(* Let $p_1,\ldots,p_m\in[0,1]$, $\alpha\in[0,1]$, $h=h_\alpha$ as in the context, and let $S\subseteq\{1,\ldots,m\}$ be nonempty. Define \[ z_\alpha=\begin{cases}0,&\text{if } h=m,\\ \min\{m-h\le i\le m: h\,p_{(i)}\le (i-m+h+1)\alpha\},&\text{otherwise.}\end{cases} \] Then the maximum of $1-u+|\{i\in S: hp_i\le u\alpha\}|$ over $1\le u\le |S|$ is attained for some $1\le u\le z_\alpha-m+h+1$.
   Context: Setting: $m$ hypotheses with $p$-values $p_1,\ldots,p_m\in[0,1]$; $p_{(1)}\le\cdots\le p_{(m)}$ are the ordered $p$-values (with the convention $p_{(0)}$ not used). For $I\subseteq\{1,\ldots,m\}$, $p_{(i:I)}$ denotes the $i$-th smallest of $\{p_j:j\in I\}$. The Simes local test rejects $I$ ($I\in\mathcal{U}_\alpha$) iff there is $1\le i\le |I|$ with $|I|\,p_{(i:I)}\le i\alpha$. Let $r_1,\ldots,r_m$ be a permutation with $p_{r_i}=p_{(i)}$, $K_i=\{r_{m-i+1},\ldots,r_m\}$, and $h_\alpha=\max\{0\le i\le m: K_i\notin\mathcal{U}_\alpha\}$. *)

theory Defs
  imports Complex_Main
begin

definition pord :: "(nat \<Rightarrow> real) \<Rightarrow> nat set \<Rightarrow> nat \<Rightarrow> real" where
  "pord p I i = sort (map p (sorted_list_of_set I)) ! (i - 1)"

definition simes_rej :: "real \<Rightarrow> (nat \<Rightarrow> real) \<Rightarrow> nat set \<Rightarrow> bool" where
  "simes_rej \<alpha> p I = (\<exists>i\<in>{1..card I}. real (card I) * pord p I i \<le> real i * \<alpha>)"

definition Kset :: "(nat \<Rightarrow> nat) \<Rightarrow> nat \<Rightarrow> nat \<Rightarrow> nat set" where
  "Kset r m i = r ` {m - i + 1..m}"

definition h_alpha :: "real \<Rightarrow> (nat \<Rightarrow> real) \<Rightarrow> (nat \<Rightarrow> nat) \<Rightarrow> nat \<Rightarrow> nat" where
  "h_alpha \<alpha> p r m = Max {i\<in>{0..m}. \<not> simes_rej \<alpha> p (Kset r m i)}"

definition z_alpha :: "real \<Rightarrow> (nat \<Rightarrow> real) \<Rightarrow> nat \<Rightarrow> nat \<Rightarrow> nat" where
  "z_alpha \<alpha> p m h = (if h = m then 0 else
     Min {i. m - h \<le> i \<and> i \<le> m \<and>
             real h * pord p {1..m} i \<le> real (i + h + 1 - m) * \<alpha>})"

end

theory Submission
  imports Defs "HOL-Library.Multiset"
begin

text \<open>
  Write \<open>q\<^sub>i\<close> for the ordered p-values and \<open>C(v) = |{i \<le> m. h p\<^sub>i \<le> v \<alpha>}|\<close>.
  Since \<open>K\<^sub>h\<close> is not rejected, \<open>v \<alpha> < h q\<^bsub>m-h+v\<^esub>\<close> for \<open>1 \<le> v \<le> h\<close>, hence
  \<open>C(v) \<le> m - h + v - 1\<close> for every \<open>v \<ge> 1\<close>. Since \<open>K\<^bsub>h+1\<^esub>\<close> is rejected, the minimum
  \<open>z\<close> exists (when \<open>h < m\<close>), and for \<open>D = z - m + h + 1\<close> all of \<open>q\<^sub>1, \<dots>, q\<^sub>z\<close>
  satisfy \<open>h q\<^sub>i \<le> D \<alpha>\<close>, so \<open>C(D) \<ge> z = m - h + D - 1\<close>. Thus \<open>C\<close> grows by at most \<open>v - D\<close> between
  \<open>D\<close> and \<open>v \<ge> D\<close>; the count restricted to \<open>S\<close> grows even less, so the objective
  \<open>1 - u + |{i \<in> S. h p\<^sub>i \<le> u \<alpha>}|\<close> does not increase beyond \<open>D\<close>.
\<close>

lemma argmax_le_if_nonincreasing_from:
  fixes f :: "nat \<Rightarrow> 'a::linorder"
  assumes "1 \<le> n" "1 \<le> D" and nonincr: "\<And>v. D \<le> v \<Longrightarrow> f v \<le> f D"
  shows "\<exists>u\<in>{1..n}. u \<le> D \<and> (\<forall>v\<in>{1..n}. f v \<le> f u)"
proof -
  have "Max (f ` {1..n}) \<in> f ` {1..n}" using \<open>1 \<le> n\<close> by (intro Max_in) auto
  then obtain u where u: "u \<in> {1..n}" "f u = Max (f ` {1..n})" by (metis imageE)
  then have max: "f v \<le> f u" if "v \<in> {1..n}" for v using that by simp
  show ?thesis
  proof (cases "u \<le> D")
    case True
    with u max show ?thesis by blast
  next
    case False
    then have "f u \<le> f D" "D \<in> {1..n}" using nonincr u(1) \<open>1 \<le> D\<close> by auto
    then show ?thesis using max order.trans by blast
  qed
qed

lemma card_Collect_increment_le:
  assumes "finite A" "S \<subseteq> A" and PQ: "\<And>x. P x \<Longrightarrow> Q x"
  shows "card {x\<in>S. Q x} + card {x\<in>A. P x} \<le> card {x\<in>S. P x} + card {x\<in>A. Q x}"
proof -
  have "finite S" using assms finite_subset by blast
  have split: "card {x\<in>B. Q x} = card {x\<in>B. P x} + card {x\<in>B. Q x \<and> \<not> P x}"
    if "finite B" for B
  proof -
    have "{x\<in>B. Q x} = {x\<in>B. P x} \<union> {x\<in>B. Q x \<and> \<not> P x}" using PQ by blast
    with that show ?thesis by (simp add: card_Un_disjoint disjoint_iff)
  qed
  have "card {x\<in>S. Q x \<and> \<not> P x} \<le> card {x\<in>A. Q x \<and> \<not> P x}"
    using assms by (intro card_mono) auto
  with split[OF \<open>finite S\<close>] split[OF \<open>finite A\<close>] show ?thesis by linarith
qed

lemma card_Collect_bij_betw:
  assumes "bij_betw r A B"
  shows "card {x\<in>B. P x} = card {x\<in>A. P (r x)}"
proof -
  have "r ` {x\<in>A. P (r x)} = {x\<in>B. P x}"
    using bij_betw_imp_surj_on[OF assms] by blast
  then have "bij_betw r {x\<in>A. P (r x)} {x\<in>B. P x}"
    by (rule bij_betw_subset[OF assms, rotated]) blast
  then show ?thesis by (simp add: bij_betw_same_card)
qed

lemma pord_atLeastAtMost: "pord p {1..m} i = sort (map p [1..<Suc m]) ! (i - 1)"
  unfolding pord_def by (simp add: atLeastLessThanSuc_atLeastAtMost[symmetric])

lemma pord_mono:
  assumes "1 \<le> i" "i \<le> j" "j \<le> m"
  shows "pord p {1..m} i \<le> pord p {1..m} j"
  unfolding pord_atLeastAtMost using assms by (intro sorted_nth_mono[OF sorted_sort]) auto

lemma h_alpha_mem: "h_alpha \<alpha> p r m \<in> {i\<in>{0..m}. \<not> simes_rej \<alpha> p (Kset r m i)}"
proof -
  have "0 \<in> {i\<in>{0..m}. \<not> simes_rej \<alpha> p (Kset r m i)}"
    by (simp add: simes_rej_def Kset_def)
  then show ?thesis unfolding h_alpha_def by (intro Max_in) auto
qed

lemma h_alpha_maximal:
  assumes "i \<le> m" "\<not> simes_rej \<alpha> p (Kset r m i)"
  shows "i \<le> h_alpha \<alpha> p r m"
  unfolding h_alpha_def using assms by (intro Max_ge) auto

locale sorted_pvalues =
  fixes p :: "nat \<Rightarrow> real" and m :: nat and r :: "nat \<Rightarrow> nat"
  assumes r_perm: "bij_betw r {1..m} {1..m}"
    and r_sort: "\<forall>i\<in>{1..m}. p (r i) = pord p {1..m} i"
begin

lemma card_threshold_pord:
  "card {i\<in>{1..m}. P (p i)} = card {i\<in>{1..m}. P (pord p {1..m} i)}"
  using card_Collect_bij_betw[OF r_perm, of "P \<circ> p"] r_sort by (auto intro: arg_cong[where f = card])

lemma pord_nonneg:
  assumes "\<forall>i\<in>{1..m}. 0 \<le> p i" "i \<in> {1..m}"
  shows "0 \<le> pord p {1..m} i"
  using assms r_sort bij_betw_apply[OF r_perm] by metis

lemma card_Kset: "k \<le> m \<Longrightarrow> card (Kset r m k) = k"
  unfolding Kset_def
  by (subst card_image) (auto intro: inj_on_subset[OF bij_betw_imp_inj_on[OF r_perm]])

text \<open>\<open>K\<^sub>k\<close> consists of the \<open>k\<close> largest p-values, so its \<open>j\<close>-th smallest is \<open>q\<^bsub>m-k+j\<^esub>\<close>.\<close>
lemma pord_Kset:
  assumes "k \<le> m" "1 \<le> j" "j \<le> k"
  shows "pord p (Kset r m k) j = pord p {1..m} (m - k + j)"
proof -
  let ?A = "{m - k + 1..m}"
  let ?q = "pord p {1..m}"
  have sub: "?A \<subseteq> {1..m}" by auto
  have inj: "inj_on r ?A" using r_perm sub bij_betw_imp_inj_on inj_on_subset by blast
  have "mset (map p (sorted_list_of_set (Kset r m k))) = image_mset p (mset_set (r ` ?A))"
    by (simp add: Kset_def del: mset_sorted_list_of_multiset flip: sorted_list_of_mset_set)
      (metis mset_sorted_list_of_multiset)
  also have "\<dots> = image_mset ?q (mset_set ?A)"
    unfolding image_mset_mset_set[OF inj, symmetric] multiset.map_comp
    by (rule image_mset_cong) (use r_sort sub in auto)
  also have "\<dots> = mset (map ?q [m - k + 1..<Suc m])"
    by (simp only: mset_map mset_upt atLeastLessThanSuc_atLeastAtMost)
  finally have mset_eq:
    "mset (map p (sorted_list_of_set (Kset r m k))) = mset (map ?q [m - k + 1..<Suc m])" .
  have "sorted (map ?q [m - k + 1..<Suc m])"
    unfolding sorted_iff_nth_mono
  proof (intro allI impI)
    fix i j assume "i \<le> j" "j < length (map ?q [m - k + 1..<Suc m])"
    then show "map ?q [m - k + 1..<Suc m] ! i \<le> map ?q [m - k + 1..<Suc m] ! j"
      using pord_mono[of "Suc (m - k + i)" "Suc (m - k + j)" m p]
      by (simp del: upt_Suc add: nth_map_upt)
  qed
  then have "sort (map p (sorted_list_of_set (Kset r m k))) = map ?q [m - k + 1..<Suc m]"
    by (rule properties_for_sort[OF mset_eq[symmetric]])
  then show ?thesis
    using assms by (simp add: pord_def del: upt_Suc)
qed

lemma card_threshold_le_if_not_rej:
  assumes "k \<le> m" "\<not> simes_rej \<alpha> p (Kset r m k)" "1 \<le> v"
  shows "card {i\<in>{1..m}. real k * p i \<le> real v * \<alpha>} \<le> m - k + v - 1"
proof (cases "k < v")
  case True
  have "card {i\<in>{1..m}. real k * p i \<le> real v * \<alpha>} \<le> card {1..m}" by (intro card_mono) auto
  with True show ?thesis by simp
next
  case False
  let ?q = "pord p {1..m}" and ?t = "m - k + v"
  have "\<not> real k * pord p (Kset r m k) v \<le> real v * \<alpha>"
    using assms False unfolding simes_rej_def card_Kset[OF \<open>k \<le> m\<close>] by auto
  then have below: "real v * \<alpha> < real k * ?q ?t"
    using assms False by (simp add: pord_Kset)
  have "{i\<in>{1..m}. real k * ?q i \<le> real v * \<alpha>} \<subseteq> {1..?t - 1}"
  proof (rule subsetI, rule ccontr)
    fix i assume i: "i \<in> {i\<in>{1..m}. real k * ?q i \<le> real v * \<alpha>}" "i \<notin> {1..?t - 1}"
    then have "real k * ?q ?t \<le> real k * ?q i"
      using assms by (intro mult_left_mono pord_mono) auto
    with i below show False by simp
  qed
  then have "card {i\<in>{1..m}. real k * ?q i \<le> real v * \<alpha>} \<le> ?t - 1"
    by (metis card_atLeastAtMost card_mono diff_Suc_1 finite_atLeastAtMost)
  then show ?thesis unfolding card_threshold_pord[of "\<lambda>x. real k * x \<le> real v * \<alpha>"] .
qed

lemma z_alpha_mem:
  assumes nonneg: "\<forall>i\<in>{1..m}. 0 \<le> p i"
    and h: "h = h_alpha \<alpha> p r m" and "h < m"
  shows "z_alpha \<alpha> p m h \<in>
    {i. m - h \<le> i \<and> i \<le> m \<and> real h * pord p {1..m} i \<le> real (i + h + 1 - m) * \<alpha>}"
    (is "_ \<in> ?Z")
proof -
  let ?q = "pord p {1..m}"
  have "simes_rej \<alpha> p (Kset r m (h + 1))"
    using h \<open>h < m\<close> h_alpha_maximal[of "h + 1" m \<alpha> p r] by fastforce
  then obtain j where j: "1 \<le> j" "j \<le> h + 1"
    and "real (h + 1) * ?q (m - (h + 1) + j) \<le> real j * \<alpha>"
    using \<open>h < m\<close> unfolding simes_rej_def by (auto simp: card_Kset pord_Kset)
  moreover have "0 \<le> ?q (m - (h + 1) + j)"
    by (rule pord_nonneg[OF nonneg]) (use j \<open>h < m\<close> in auto)
  then have "real h * ?q (m - (h + 1) + j) \<le> real (h + 1) * ?q (m - (h + 1) + j)"
    by (simp add: algebra_simps)
  ultimately have "m - (h + 1) + j \<in> ?Z" using \<open>h < m\<close> by auto
  then have "Min ?Z \<in> ?Z" by (intro Min_in) auto
  moreover have "z_alpha \<alpha> p m h = Min ?Z" using \<open>h < m\<close> by (simp add: z_alpha_def)
  ultimately show ?thesis by simp
qed

lemma z_alpha_threshold:
  assumes nonneg: "\<forall>i\<in>{1..m}. 0 \<le> p i"
    and h: "h = h_alpha \<alpha> p r m" and z: "z = z_alpha \<alpha> p m h"
  shows "m \<le> z + h" "z \<le> card {i\<in>{1..m}. real h * p i \<le> real (z + h + 1 - m) * \<alpha>}"
proof -
  let ?q = "pord p {1..m}"
  have threshold: "m \<le> z + h \<and> z \<le> card {i\<in>{1..m}. real h * ?q i \<le> real (z + h + 1 - m) * \<alpha>}"
  proof (cases "h < m")
    case False
    then have "h = m" using h h_alpha_mem[of \<alpha> p r m] by simp
    then show ?thesis using z by (simp add: z_alpha_def)
  next
    case True
    then have zZ: "m - h \<le> z" "z \<le> m" "real h * ?q z \<le> real (z + h + 1 - m) * \<alpha>"
      using z_alpha_mem[OF nonneg h] z by auto
    have "real h * ?q i \<le> real (z + h + 1 - m) * \<alpha>" if "i \<in> {1..z}" for i
    proof -
      have "real h * ?q i \<le> real h * ?q z"
        using that zZ by (intro mult_left_mono pord_mono) auto
      with zZ(3) show ?thesis by linarith
    qed
    then have "{1..z} \<subseteq> {i\<in>{1..m}. real h * ?q i \<le> real (z + h + 1 - m) * \<alpha>}"
      using zZ by auto
    then have "card {1..z} \<le> card {i\<in>{1..m}. real h * ?q i \<le> real (z + h + 1 - m) * \<alpha>}"
      by (intro card_mono) auto
    with zZ True show ?thesis by simp
  qed
  then show "m \<le> z + h" by simp
  show "z \<le> card {i\<in>{1..m}. real h * p i \<le> real (z + h + 1 - m) * \<alpha>}"
    unfolding card_threshold_pord[of "\<lambda>x. real h * x \<le> real (z + h + 1 - m) * \<alpha>"]
    using threshold by (rule conjunct2)
qed

lemma card_threshold_increment_le:
  assumes nonneg: "\<forall>i\<in>{1..m}. 0 \<le> p i" and "0 \<le> \<alpha>" "S \<subseteq> {1..m}"
    and h: "h = h_alpha \<alpha> p r m" and z: "z = z_alpha \<alpha> p m h"
    and v: "z + h + 1 - m \<le> v"
  shows "card {i\<in>S. real h * p i \<le> real v * \<alpha>} + (z + h + 1 - m)
    \<le> card {i\<in>S. real h * p i \<le> real (z + h + 1 - m) * \<alpha>} + v"
proof -
  define C where "C X u = card {i\<in>X. real h * p i \<le> real u * \<alpha>}" for X u
  define D where "D = z + h + 1 - m"
  have "real D * \<alpha> \<le> real v * \<alpha>" using assms by (simp add: D_def mult_right_mono)
  then have "C S v + C {1..m} D \<le> C S D + C {1..m} v"
    unfolding C_def using \<open>S \<subseteq> {1..m}\<close> by (intro card_Collect_increment_le) auto
  moreover have "m \<le> z + h" "z \<le> C {1..m} D"
    using z_alpha_threshold[OF nonneg h z] by (simp_all add: C_def D_def)
  moreover have h_le: "h \<le> m" and "\<not> simes_rej \<alpha> p (Kset r m h)" using h h_alpha_mem by auto
  then have "C {1..m} v \<le> m - h + v - 1"
    using card_threshold_le_if_not_rej \<open>m \<le> z + h\<close> v by (simp add: C_def)
  ultimately show ?thesis using v h_le unfolding C_def D_def by presburger
qed

end

theorem lemma3:
  fixes p :: "nat \<Rightarrow> real" and \<alpha> :: real and m :: nat
    and r :: "nat \<Rightarrow> nat" and S :: "nat set"
  assumes p_range: "\<forall>i\<in>{1..m}. 0 \<le> p i \<and> p i \<le> 1"
    and alpha: "0 \<le> \<alpha>" "\<alpha> \<le> 1"
    and r_perm: "bij_betw r {1..m} {1..m}"
    and r_sort: "\<forall>i\<in>{1..m}. p (r i) = pord p {1..m} i"
    and S: "S \<subseteq> {1..m}" "S \<noteq> {}"
  shows "let h = h_alpha \<alpha> p r m; z = z_alpha \<alpha> p m h;
             f = (\<lambda>u::nat. 1 - int u + int (card {i\<in>S. real h * p i \<le> real u * \<alpha>}))
         in \<exists>u\<in>{1..card S}. int u \<le> int z - int m + int h + 1 \<and>
               (\<forall>v\<in>{1..card S}. f v \<le> f u)"
proof -
  interpret sorted_pvalues p m r using r_perm r_sort by unfold_locales
  define h where "h = h_alpha \<alpha> p r m"
  define z where "z = z_alpha \<alpha> p m h"
  define D where "D = z + h + 1 - m"
  define f where "f u = 1 - int u + int (card {i\<in>S. real h * p i \<le> real u * \<alpha>})" for u
  have "m \<le> z + h" using z_alpha_threshold[OF _ h_def z_def] p_range by simp
  have "f v \<le> f D" if "D \<le> v" for v
    using card_threshold_increment_le[OF _ alpha(1) S(1) h_def z_def, of v] p_range that
    unfolding f_def D_def by simp
  moreover have "1 \<le> D" using \<open>m \<le> z + h\<close> by (simp add: D_def)
  moreover have "1 \<le> card S" using S finite_subset[OF S(1)] by (simp add: Suc_le_eq card_gt_0_iff)
  ultimately obtain u where u: "u \<in> {1..card S}" "u \<le> D" "\<forall>v\<in>{1..card S}. f v \<le> f u"
    using argmax_le_if_nonincreasing_from[of "card S" D f] by blast
  moreover have "int u \<le> int z - int m + int h + 1"
    using u(2) \<open>m \<le> z + h\<close> unfolding D_def by linarith
  ultimately show ?thesis
    unfolding Let_def h_def[symmetric] z_def[symmetric] f_def[symmetric] by blast
qed

end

★ ★ ★ ★ ★ ★ ★

* [Your task]: Set aside each line above that includes the string "obtain" and report it.

* [Result for this exercise]:
  then obtain u where u: "u \<in> {1..n}" "f u = Max (f ` {1..n})" by (metis imageE)
  then obtain j where j: "1 \<le> j" "j \<le> h + 1"
  ultimately obtain u where u: "u \<in> {1..card S}" "u \<le> D" "\<forall>v\<in>{1..card S}. f v \<le> f u"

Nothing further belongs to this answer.